lemma moebius_mu_prime_power_mult:
  fixes q d i :: nat
  assumes q: "prime q" and "\<not> q dvd d"
  shows "moebius_mu (q ^ i * d) = (if i = 0 then moebius_mu d else if i = 1 then - moebius_mu d else 0)"
proof -
  have "d > 0"
    using assms(2) by (auto intro!: gr0I)
  consider "i = 0" | "i = 1" | "i \<ge> 2"
    by linarith
  then show ?thesis
  proof cases
    case 2
    have "coprime q d"
      using q assms(2) by (simp add: prime_imp_coprime)
    then have "squarefree (q * d) \<longleftrightarrow> squarefree d"
      using squarefree_mono[of d "q * d"] squarefree_mult_coprime squarefree_prime[OF q] by auto
    moreover have "card (prime_factors (q * d)) = Suc (card (prime_factors d))"
    proof -
      have "prime_factors (q * d) = insert q (prime_factors d)"
        using q \<open>d > 0\<close> by (simp add: prime_factors_product prime_prime_factors prime_gt_0_nat)
      moreover have "q \<notin> prime_factors d"
        using assms(2) by auto
      ultimately show ?thesis
        by simp
    qed
    ultimately show ?thesis
      using 2 q \<open>d > 0\<close> by (simp add: moebius_mu_def prime_gt_0_nat)
  next
    case 3
    then have "q ^ 2 dvd q ^ i * d"
      by (simp add: le_imp_power_dvd)
    moreover have "\<not> is_unit q"
      using q not_prime_unit by blast
    ultimately have "\<not> squarefree (q ^ i * d)"
      using squarefreeD by blast
    then show ?thesis
      using 3 by (simp add: moebius_mu_def)
  qed simp
qed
━━━━━━
*AIM OF THE EXERCISE*. Could you reproduce every record exactly as it appears?

*SOLUTION TO THIS EXERCISE*.
lemma moebius_mu_prime_power_mult:
  fixes q d i :: nat
  assumes q: "prime q" and "\<not> q dvd d"
  shows "moebius_mu (q ^ i * d) = (if i = 0 then moebius_mu d else if i = 1 then - moebius_mu d else 0)"
proof -
  have "d > 0"
    using assms(2) by (auto intro!: gr0I)
  consider "i = 0" | "i = 1" | "i \<ge> 2"
    by linarith
  then show ?thesis
  proof cases
    case 2
    have "coprime q d"
      using q assms(2) by (simp add: prime_imp_coprime)
    then have "squarefree (q * d) \<longleftrightarrow> squarefree d"
      using squarefree_mono[of d "q * d"] squarefree_mult_coprime squarefree_prime[OF q] by auto
    moreover have "card (prime_factors (q * d)) = Suc (card (prime_factors d))"
    proof -
      have "prime_factors (q * d) = insert q (prime_factors d)"
        using q \<open>d > 0\<close> by (simp add: prime_factors_product prime_prime_factors prime_gt_0_nat)
      moreover have "q \<notin> prime_factors d"
        using assms(2) by auto
      ultimately show ?thesis
        by simp
    qed
    ultimately show ?thesis
      using 2 q \<open>d > 0\<close> by (simp add: moebius_mu_def prime_gt_0_nat)
  next
    case 3
    then have "q ^ 2 dvd q ^ i * d"
      by (simp add: le_imp_power_dvd)
    moreover have "\<not> is_unit q"
      using q not_prime_unit by blast
    ultimately have "\<not> squarefree (q ^ i * d)"
      using squarefreeD by blast
    then show ?thesis
      using 3 by (simp add: moebius_mu_def)
  qed simp
qed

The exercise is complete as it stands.